What does Access-Control-Allow-Origin: * mean and is it safe?
The wildcard value * means the server allows requests from any origin. While convenient for public APIs, it can be a security risk for private APIs that handle sensitive data. When using *, the server cannot also set Access-Control-Allow-Credentials to true. For APIs that require authentication, you should specify exact allowed origins instead of using the wildcard.
How can I fix CORS errors on my server?
To fix CORS errors, you need to configure your server to include the appropriate CORS headers in its responses. At minimum, add Access-Control-Allow-Origin with either a wildcard (*) or the specific requesting origin. For non-simple requests, also add Access-Control-Allow-Methods and Access-Control-Allow-Headers.
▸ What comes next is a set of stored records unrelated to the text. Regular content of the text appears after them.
(* Let $\ell\ge2$ be an integer and $n=\frac{3^\ell+1}{2}$. Let $\beta$ be a primitive $2n$-th root of unity in an extension field of $\mathrm{GF}(3)$ and let $\mathbb{M}_\beta(x)$ be its minimal polynomial over $\mathrm{GF}(3)$. Let $\mathcal{C}(\ell)$ be the ternary negacyclic code of length $n$ with check polynomial $\mathbb{M}_\beta(x)$. Then $\mathcal{C}(\ell)$ has parameters $[n,2\ell,d]$ with $d\ge\frac{3^{\ell-1}+1}{2}$, and $\mathcal{C}(\ell)^\perp$ has parameters $[n,n-2\ell,5]$.
   Context: A ternary negacyclic code of length $n$ is an ideal of $\mathrm{GF}(3)[x]/(x^n+1)$; a code with check polynomial $h(x)$ (a monic divisor of $x^n+1$) is the one with generator polynomial $(x^n+1)/h(x)$. $[n,k,d]$ denotes length, dimension, minimum Hamming distance; $\perp$ is the Euclidean dual. *)

theory Defs
  imports "Berlekamp_Zassenhaus.Finite_Field"
begin

text \<open>The prime field GF(3) is modelled as ''p mod_ring with CARD('p) = 3.
  An extension field of GF(3) is a field 'k of characteristic 3; GF(3) embeds
  into it canonically via the map below.\<close>

definition gf_emb :: "'p::prime_card mod_ring \<Rightarrow> 'k::field" where
  "gf_emb a = of_int (to_int_mod_ring a)"

definition primitive_root_of_unity :: "nat \<Rightarrow> 'k::field \<Rightarrow> bool" where
  "primitive_root_of_unity m b \<longleftrightarrow> b ^ m = 1 \<and> (\<forall>k. 0 < k \<and> k < m \<longrightarrow> b ^ k \<noteq> 1)"

definition is_min_poly :: "'k::field \<Rightarrow> 'p::prime_card mod_ring poly \<Rightarrow> bool" where
  "is_min_poly b m \<longleftrightarrow> monic m \<and> poly (map_poly gf_emb m) b = 0 \<and>
     (\<forall>q::'p mod_ring poly. q \<noteq> 0 \<longrightarrow> poly (map_poly gf_emb q) b = 0 \<longrightarrow> degree m \<le> degree q)"

text \<open>Words of length n are identified with polynomials of degree < n
  (coefficient i = i-th coordinate). x^n + 1:\<close>
definition negacyc_mod :: "nat \<Rightarrow> 'a::comm_ring_1 poly" where
  "negacyc_mod n = monom 1 n + 1"

text \<open>The negacyclic code of length n with check polynomial h: the ideal of
  GF(q)[x]/(x^n+1) generated by g = (x^n+1)/h, represented by the reduced
  residues.\<close>
definition negacyclic_code_check ::
  "nat \<Rightarrow> 'a::field poly \<Rightarrow> 'a poly set" where
  "negacyclic_code_check n h =
     {(a * (negacyc_mod n div h)) mod negacyc_mod n | a. True}"

definition hamming_dist :: "nat \<Rightarrow> 'a::zero poly \<Rightarrow> 'a poly \<Rightarrow> nat" where
  "hamming_dist n c c' = card {i. i < n \<and> coeff c i \<noteq> coeff c' i}"

definition min_distance :: "nat \<Rightarrow> 'a::zero poly set \<Rightarrow> nat" where
  "min_distance n C = Min {hamming_dist n c c' | c c'. c \<in> C \<and> c' \<in> C \<and> c \<noteq> c'}"

definition dual_code :: "nat \<Rightarrow> 'a::comm_ring_1 poly set \<Rightarrow> 'a poly set" where
  "dual_code n C = {v. degree v < n \<and> (\<forall>c\<in>C. (\<Sum>i<n. coeff c i * coeff v i) = 0)}"

abbreviation code_dim :: "'a::field poly set \<Rightarrow> nat" where
  "code_dim C \<equiv> vector_space.dim (smult :: 'a \<Rightarrow> 'a poly \<Rightarrow> 'a poly) C"

end

(*
  The code is the trace code: its words are (Tr (t \<beta>^i))_{i<n} for t in GF(3^2l).
  Since 3 has order 2l modulo 2n = 3^l + 1, the minimal polynomial M of \<beta> has degree 2l,
  and a root count shows that these n-tuples are exactly the multiples of (x^n + 1)/M of
  degree < n. Nondegeneracy of the trace then identifies the dual with the words v of length n
  with v(\<beta>) = 0, i.e. the multiples of M.

  As \<beta>^(3^l) = \<beta>^-1, on the 2n-th roots of unity u the function u^(3^(l-1)) Tr (t u) is a
  polynomial of degree 2 * 3^(l-1); its roots \<beta>^i and \<beta>^(i+n) bound the number of zero
  coordinates of a nonzero codeword by 3^(l-1), whence d \<ge> n - 3^(l-1) = (3^(l-1) + 1) / 2.

  A dual word of weight w gives w pairwise non-opposite points \<plusminus>\<beta>^i of the circle of
  2n-th roots of unity with zero sum, and applying x \<mapsto> x^(3^l) = x^-1 also with zero sum of
  inverses; in characteristic 3 this is impossible for w \<le> 4. Weight 5 is attained by
  x + x^-1 + y + y^-1 - 1 = 0 with x + x^-1 = t and y + y^-1 = 1 - t, where a suitable t in
  GF(3^l) exists because x \<mapsto> x + x^-1 takes at least (3^l - 3)/2 values in GF(3^l) - {0, \<plusminus>1}.
*)
theory Submission
  imports Defs
begin

lemma card_le_degree_if_roots:
  fixes p :: "'a::idom poly"
  assumes "p \<noteq> 0" and "\<And>x. x \<in> A \<Longrightarrow> poly p x = 0"
  shows "card A \<le> degree p"
proof -
  have "card A \<le> card {x. poly p x = 0}"
    using assms by (intro card_mono poly_roots_finite) auto
  also have "\<dots> \<le> degree p"
    using assms(1) by (rule card_poly_roots_bound)
  finally show ?thesis .
qed

lemma finite_card_pow_eq_poly:
  fixes q :: "'a::idom poly"
  assumes "degree q < N"
  shows "finite {x. x ^ N = poly q x} \<and> card {x. x ^ N = poly q x} \<le> N"
proof -
  let ?p = "monom 1 N + - q"
  have "degree ?p = N"
    using assms degree_add_eq_left[of "- q" "monom 1 N"] by (simp add: degree_monom_eq)
  moreover have "?p \<noteq> 0"
    using assms calculation by auto
  moreover have "{x. x ^ N = poly q x} = {x. poly ?p x = 0}"
    by (simp add: poly_monom)
  ultimately show ?thesis
    using poly_roots_finite card_poly_roots_bound by metis
qed

lemma finite_card_pow_eq_const:
  "0 < N \<Longrightarrow> finite {x::'a::idom. x ^ N = c} \<and> card {x::'a. x ^ N = c} \<le> N"
  using finite_card_pow_eq_poly[of "[:c:]" N] by simp

lemma finite_card_pow_eq_self:
  "1 < N \<Longrightarrow> finite {x::'a::idom. x ^ N = x} \<and> card {x::'a. x ^ N = x} \<le> N"
  using finite_card_pow_eq_poly[of "[:0, 1:]" N] by simp

lemma card_degree_less:
  assumes "0 < m"
  shows "card {p::'a::{finite,zero} poly. degree p < m} = CARD('a) ^ m"
proof -
  let ?coeffs = "\<lambda>p::'a poly. map (coeff p) [0..<m]"
  have Poly_coeffs: "Poly (?coeffs p) = p" if "degree p < m" for p
    by (rule poly_eqI) (use that in \<open>simp add: nth_default_def coeff_eq_0\<close>)
  have coeffs_Poly: "?coeffs (Poly xs) = xs" if "length xs = m" for xs
    by (rule nth_equalityI) (simp_all add: that nth_default_def)
  have degree_Poly: "degree (Poly xs) < m" if "length xs = m" for xs :: "'a list"
  proof -
    have "degree (Poly xs) \<le> m - 1"
      using that by (intro degree_le) (auto simp: nth_default_def)
    then show ?thesis
      using assms by linarith
  qed
  have "bij_betw ?coeffs {p. degree p < m} {xs. set xs \<subseteq> UNIV \<and> length xs = m}"
    by (rule bij_betw_byWitness[where f' = Poly])
      (use Poly_coeffs coeffs_Poly degree_Poly in auto)
  then show ?thesis
    using card_lists_length_eq[of "UNIV :: 'a set" m] by (simp add: bij_betw_same_card)
qed

lemma finite_degree_less: "finite {p::'a::{finite,zero} poly. degree p < m}"
proof (cases "m = 0")
  case False
  then show ?thesis
    using card_degree_less[of m, where 'a = 'a] by (intro card_ge_0_finite) simp
qed simp

lemma sum_lessThan_add: "(\<Sum>k<(m::nat) + n. f k) = (\<Sum>k<m. f k) + (\<Sum>k<n. f (m + k))"
  by (induction n) (simp_all add: add.assoc)

lemma poly_eq_sum_lessThan:
  fixes p :: "'a::comm_semiring_1 poly"
  assumes "degree p < N"
  shows "poly p x = (\<Sum>i<N. coeff p i * x ^ i)"
  unfolding poly_altdef using assms
  by (intro sum.mono_neutral_left) (auto simp: coeff_eq_0)

lemma prod_linear_factors_dvd:
  fixes p :: "'a::idom poly"
  assumes "finite S" and "\<And>s. s \<in> S \<Longrightarrow> poly p s = 0"
  shows "(\<Prod>s\<in>S. [:-s, 1:]) dvd p"
  using assms
proof (induction S arbitrary: p rule: finite_induct)
  case (insert a S)
  obtain q where p: "p = [:-a, 1:] * q"
    using insert.prems poly_eq_0_iff_dvd by blast
  have "(\<Prod>s\<in>S. [:-s, 1:]) dvd q"
    using insert.hyps insert.prems by (intro insert.IH) (force simp: p)
  then have "[:-a, 1:] * (\<Prod>s\<in>S. [:-s, 1:]) dvd p"
    unfolding p by (rule mult_dvd_mono[OF dvd_refl])
  then show ?case
    by (simp only: prod.insert[OF insert.hyps])
qed simp

lemma dvd_if_vanishes_on_roots:
  fixes p q :: "'a::field poly"
  assumes "p \<noteq> 0" "finite R" "card R = degree p"
    and "\<And>s. s \<in> R \<Longrightarrow> poly p s = 0" "\<And>s. s \<in> R \<Longrightarrow> poly q s = 0"
  shows "p dvd q"
proof -
  let ?L = "\<Prod>s\<in>R. [:-s, 1:]"
  obtain c where p: "p = ?L * c"
    using prod_linear_factors_dvd[OF assms(2,4)] by blast
  have "?L \<noteq> 0" "c \<noteq> 0"
    using assms(1) p by auto
  moreover have "degree ?L = card R"
    by (simp add: degree_prod_eq_sum_degree)
  ultimately have "degree c = 0"
    using assms(3) p degree_mult_eq by fastforce
  then obtain c0 where "c = [:c0:]" "c0 \<noteq> 0"
    using \<open>c \<noteq> 0\<close> by (metis degree_eq_zeroE pCons_eq_0_iff)
  then have "p = smult c0 ?L"
    using p by simp
  then show ?thesis
    using prod_linear_factors_dvd[OF assms(2,5)] \<open>c0 \<noteq> 0\<close> by (simp add: smult_dvd_iff)
qed


section \<open>Linear codes\<close>

lemma vector_space_smult: "vector_space (smult :: 'a::field \<Rightarrow> 'a poly \<Rightarrow> 'a poly)"
  by unfold_locales (simp_all add: smult_add_right smult_add_left)

lemma dim_multiples_degree_less:
  fixes h :: "'a::field poly"
  assumes "h \<noteq> 0"
  shows "code_dim {r * h | r. degree r < m} = m"
proof -
  interpret vs: vector_space "smult :: 'a \<Rightarrow> 'a poly \<Rightarrow> 'a poly"
    by (rule vector_space_smult)
  define b where "b i = monom 1 i * h" for i
  have combination: "(\<Sum>i\<in>I. smult (c i) (b i)) = (\<Sum>i\<in>I. monom (c i) i) * h" for I c
    unfolding b_def sum_distrib_right by (simp add: smult_monom flip: mult_smult_left)
  have inj: "inj_on b {..<m}"
    using assms by (auto simp: b_def inj_on_def monom_eq_iff')
  have "b ` {..<m} \<subseteq> {r * h | r. degree r < m}"
    by (auto simp: b_def degree_monom_eq)
  moreover have "{r * h | r. degree r < m} \<subseteq> vs.span (b ` {..<m})"
  proof clarify
    fix r :: "'a poly"
    assume "degree r < m"
    then have "(\<Sum>i<m. monom (coeff r i) i) = r"
      by (intro poly_eqI) (simp add: coeff_sum coeff_monom coeff_eq_0)
    then have "r * h = (\<Sum>i<m. smult (coeff r i) (b i))"
      unfolding combination by simp
    also have "\<dots> \<in> vs.span (b ` {..<m})"
      by (intro vs.span_sum vs.span_scale vs.span_base) blast
    finally show "r * h \<in> vs.span (b ` {..<m})" .
  qed
  moreover have "vs.independent (b ` {..<m})"
  proof (rule vs.independent_if_scalars_zero)
    fix f x
    assume zero: "(\<Sum>x\<in>b ` {..<m}. smult (f x) x) = 0" and "x \<in> b ` {..<m}"
    then obtain i where i: "i < m" "x = b i"
      by blast
    have "(\<Sum>j<m. monom (f (b j)) j) * h = 0"
      using zero by (simp add: sum.reindex[OF inj] combination)
    then have "coeff (\<Sum>j<m. monom (f (b j)) j) i = 0"
      using assms by simp
    then show "f x = 0"
      using i by (simp add: coeff_sum)
  qed simp
  ultimately show ?thesis
    using vs.dim_unique card_image[OF inj] by simp
qed

lemma degree_negacyc_mod: "0 < n \<Longrightarrow> degree (negacyc_mod n :: 'a::comm_ring_1 poly) = n"
  unfolding negacyc_mod_def
  by (subst degree_add_eq_left) (simp_all add: degree_monom_eq)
Most web frameworks have CORS middleware packages that simplify this configuration, such as cors for Express.js, django-cors-headers for Django, or rack-cors for Ruby on Rails.
Does this tool actually make real cross-origin requests?
Yes, this tool makes real fetch requests from your browser to the URL you specify, which means the browser's CORS policy is fully enforced. If the target server does not include CORS headers, the browser will block the response and the tool will show a CORS blocked status. This gives you an accurate picture of how your browser application would behave when making the same request.